▶ _Task input_:
.....
text \<open>Fixing one arc \<open>s0\<close> of the family, every other arc
  starts at offset \<open>d \<in> [0,q)\<close> or \<open>d \<in> (p-q,p)\<close> from it, and the map folding
  \<open>(p-q,p)\<close> onto \<open>[0,q)\<close> is injective on the family, since two arcs whose
  offsets differ by exactly \<open>p - q\<close> are disjoint.\<close>

lemma katona_cyclic:
  fixes F :: "int set"
  assumes F: "F \<subseteq> {0..<int p}" and q: "1 \<le> q" "2*q \<le> p"
    and intersecting: "\<forall>s\<in>F. \<forall>t\<in>F. \<not> cyc_disjoint p q s t"
  shows "card F \<le> q"
proof (cases "F = {}")
  case False
  then obtain s0 where s0: "s0 \<in> F" by blast
  define d where "d t = (t - s0) mod int p" for t
  define fold where "fold t = (if d t < int q then d t else d t - (int p - int q))" for t
  have d_range: "0 \<le> d t" "d t < int p" for t using q unfolding d_def by auto
  have fold_range: "fold t \<in> {0..<int q}" if "t \<in> F" for t
  proof -
    have "\<not> cyc_disjoint p q s0 t" using intersecting s0 that by blast
    then show ?thesis using d_range[of t] unfolding fold_def cyc_disjoint_def d_def by auto
  qed
  have gap: False if "t \<in> F" "t' \<in> F" "d t' = d t + (int p - int q)" for t t'
  proof -
    have "(t' - t) mod int p = (d t' - d t) mod int p" unfolding d_def by (simp add: mod_diff_eq)
    also have "\<dots> = (int p - int q) mod int p" using that(3) by (simp only: add_diff_cancel_left')
    also have "\<dots> = int p - int q" using q by (intro mod_pos_pos_trivial) auto
    finally have "cyc_disjoint p q t t'" unfolding cyc_disjoint_def using q by simp
    with intersecting that(1,2) show False by blast
  qed
  have "inj_on fold F"
  proof (rule inj_onI)
    fix t t' assume t: "t \<in> F" and t': "t' \<in> F" and eq: "fold t = fold t'"
    have "d t = d t'"
      using eq gap[OF t t'] gap[OF t' t] unfolding fold_def by (auto split: if_splits)
    moreover have "0 \<le> t" "t < int p" "0 \<le> t'" "t' < int p" using F t t' by auto
    ultimately show "t = t'" using mod_shift_inj[of t "int p" t' "- s0"] unfolding d_def by simp
  qed
  then have "card F = card (fold ` F)" by (simp add: card_image)
  also have "\<dots> \<le> card {0..<int q}" by (rule card_mono) (use fold_range in auto)
  finally show ?thesis by simp
qed simp

lemma successor_escapes:
  fixes X :: "int set"
  assumes X: "X \<subseteq> {0..<int p}" "x0 \<in> X" "X \<noteq> {0..<int p}"
  shows "\<exists>x\<in>X. (x + 1) mod int p \<notin> X"
proof (rule ccontr)
  assume "\<not> ?thesis"
  then have closed: "\<And>x. x \<in> X \<Longrightarrow> (x + 1) mod int p \<in> X" by blast
  have p: "int p > 0" using X by auto
  have orbit: "(x0 + int k) mod int p \<in> X" for k
  proof (induction k)
    case 0 then show ?case using X p by (simp add: subset_iff)
  next
    case (Suc k)
    have "(x0 + int (Suc k)) mod int p = ((x0 + int k) mod int p + 1) mod int p"
      by (metis add.assoc mod_add_left_eq of_nat_Suc add.commute)
    with closed[OF Suc] show ?case by simp
  qed
  have "{0..<int p} \<subseteq> X"
  proof
    fix y assume y: "y \<in> {0..<int p}"
    have "(x0 + int (nat ((y - x0) mod int p))) mod int p = (x0 + (y - x0) mod int p) mod int p"
      using p by simp
    also have "\<dots> = y" using y by (simp add: mod_add_right_eq)
    finally show "y \<in> X" using orbit by metis
  qed
  with X show False by blast
qed

text \<open>Growth of shifts: translating a nonempty \<open>F \<subseteq> Z_p\<close> by \<open>c, c+1, ..., c+k\<close>
  covers at least \<open>min p (|F| + k)\<close> residues, since each further shift adds a
  new residue until all of \<open>Z_p\<close> is covered.\<close>

definition shifts :: "nat \<Rightarrow> int set \<Rightarrow> int \<Rightarrow> nat \<Rightarrow> int set" where
  "shifts p F c k = {t\<in>{0..<int p}. \<exists>s\<in>F. \<exists>j\<in>{0..k}. t = (s + c + int j) mod int p}"
lemma completion_monomials_independent:
  assumes "norm_on_P0 \<pi>" and "I \<subseteq> {1..}" and "finite I"
  shows "independent ((\<lambda>i. j (monom 1 i)) ` I)" and "inj_on (\<lambda>i. j (monom 1 i)) I"
proof -
  let ?e = "\<lambda>i. j (monom 1 i)"
  have monom_P0: "monom c i \<in> P0" if "i \<in> I" for c i
    using that \<open>I \<subseteq> {1..}\<close> by auto
  show inj: "inj_on ?e I"
  proof (rule inj_onI)
    fix i k assume "i \<in> I" "k \<in> I" "?e i = ?e k"
    then have "monom (1::complex) i = monom 1 k"
      using completion_inj_on[OF \<open>norm_on_P0 \<pi>\<close>] monom_P0 by (auto dest: inj_onD)
    then show "i = k" by (simp add: monom_eq_iff')
  qed
  show "independent (?e ` I)"
  proof (rule independent_if_scalars_zero)
    fix r :: "'a \<Rightarrow> real" and x assume sum: "(\<Sum>x\<in>?e ` I. r x *\<^sub>R x) = 0" and "x \<in> ?e ` I"
    define P where "P = (\<Sum>i\<in>I. monom (complex_of_real (r (?e i))) i)"
    have "j P = (\<Sum>i\<in>I. r (?e i) *\<^sub>R ?e i)"
      unfolding P_def using monom_P0
      by (simp add: completion_sum completion_scaleR[symmetric] smult_monom)
    also have "\<dots> = 0" using sum by (simp add: sum.reindex[OF inj])
    finally have "j P = j 0" by (simp add: completion_zero)
    moreover have "P \<in> P0" unfolding P_def using monom_P0 by (intro P0_sum)
    ultimately have "P = 0"
      using inj_onD[OF completion_inj_on[OF \<open>norm_on_P0 \<pi>\<close>]] by simp
    have "r (?e i) = 0" if "i \<in> I" for i
    proof -
      have "coeff P i = complex_of_real (r (?e i))"
        using that \<open>finite I\<close> by (simp add: P_def coeff_sum)
      with \<open>P = 0\<close> show ?thesis by simp
    qed
    with \<open>x \<in> ?e ` I\<close> show "r x = 0" by blast
  qed (use \<open>finite I\<close> in simp)
qed

lemma completion_infinite_dimensional:
  assumes "norm_on_P0 \<pi>"
  shows "infinite_dimensional sc"
  unfolding infinite_dimensional_def
proof
  assume "\<exists>S. finite S \<and> cspan sc S = UNIV"
  then obtain S where "finite S" "cspan sc S = UNIV" by blast
  let ?T = "S \<union> sc \<i> ` S"
  let ?I = "{1..Suc (2 * card S)}"
  have "card ?T \<le> 2 * card S"
    using card_Un_le[of S "sc \<i> ` S"] card_image_le[OF \<open>finite S\<close>, of "sc \<i>"] by simp
  have "(\<lambda>i. j (monom 1 i)) ` ?I \<subseteq> span ?T"
    using complex_scalar_cspan_subset_span[OF completion_complex_scalar, of S]
      \<open>cspan sc S = UNIV\<close> by auto
  with completion_monomials_independent[OF assms, of ?I]
  have "card ((\<lambda>i. j (monom 1 i)) ` ?I) \<le> card ?T"
    using independent_span_bound[of ?T] \<open>finite S\<close> by auto
  moreover have "card ((\<lambda>i. j (monom 1 i)) ` ?I) = Suc (2 * card S)"
    using completion_monomials_independent(2)[OF assms, of ?I] by (simp add: card_image)
  ultimately show False using \<open>card ?T \<le> 2 * card S\<close> by simp
qed

end

theorem lemma3p1:
  fixes \<pi> :: "complex poly \<Rightarrow> real"
    and p :: "nat \<Rightarrow> complex poly"
    and n m :: "nat \<Rightarrow> nat"
    and c :: "nat \<Rightarrow> complex"
  assumes semi: "seminorm_on_P0 \<pi>"
    and submult: "submultiplicative_on_P0 \<pi>"
    and nonzero: "\<exists>q\<in>P0. \<pi> q \<noteq> 0"
    and pP0: "\<And>k. p k \<in> P0"
    and dense: "\<And>\<sigma> q \<epsilon>. seminorm_on_P0 \<sigma> \<Longrightarrow> q \<in> P0 \<Longrightarrow> \<epsilon> > 0 \<Longrightarrow>
                    \<exists>k. \<sigma> (q - p k) < \<epsilon>"
    and npos: "\<And>k. n k \<ge> 1"
    and mpos: "\<And>k. m k \<ge> 1"
    and lim1: "(\<lambda>k. \<pi> (monom (c k) (n k) - p k)) \<longlonglongrightarrow> 0"
    and lim2: "(\<lambda>k. \<pi> ([:0, 1:] * [:1, 1:] ^ m k - p k)) \<longlonglongrightarrow> 0"
  shows "norm_on_P0 \<pi> \<and>
         (\<forall>(sc :: complex \<Rightarrow> 'a::{real_normed_algebra,banach} \<Rightarrow> 'a) j.
            is_completion \<pi> sc j \<longrightarrow>
              infinite_dimensional sc \<and> chaotic_algebra sc \<and> chaotic_element sc (j [:0, 1:]))"
proof -
  have monom_P0: "\<And>k. monom (c k) (n k) \<in> P0" and orbit_P0: "\<And>k. [:0,1:] * [:1,1:] ^ m k \<in> P0"
    using npos by simp_all
  have approx: "\<exists>k. \<pi> (q - monom (c k) (n k)) < \<epsilon> \<and> \<pi> (q - [:0,1:] * [:1,1:] ^ m k) < \<epsilon>"
    if "q \<in> P0" "\<epsilon> > 0" for q \<epsilon>
    using simultaneous_approximation[where p = p, OF semi pP0 dense monom_P0 orbit_P0 lim1 lim2 that] .
  then have norm: "norm_on_P0 \<pi>"
    by (intro dense_orbit_imp_norm[OF semi submult nonzero] ballI allI impI) blast
  have "infinite_dimensional sc \<and> chaotic_algebra sc \<and> chaotic_element sc (j [:0, 1:])"
    if "is_completion \<pi> sc j" for sc :: "complex \<Rightarrow> 'a \<Rightarrow> 'a" and j
    using completion_infinite_dimensional[OF that norm] completion_chaotic_pX[OF that approx npos mpos]
    by (auto simp: chaotic_algebra_def)
  with norm show ?thesis by blast
qed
.....
▶ _Work to complete_: Locate the string "metis" in the listing above and copy every line where it occurs.

▶ _Result_:
      by (metis add.assoc mod_add_left_eq of_nat_Suc add.commute)
    finally show "y \<in> X" using orbit by metis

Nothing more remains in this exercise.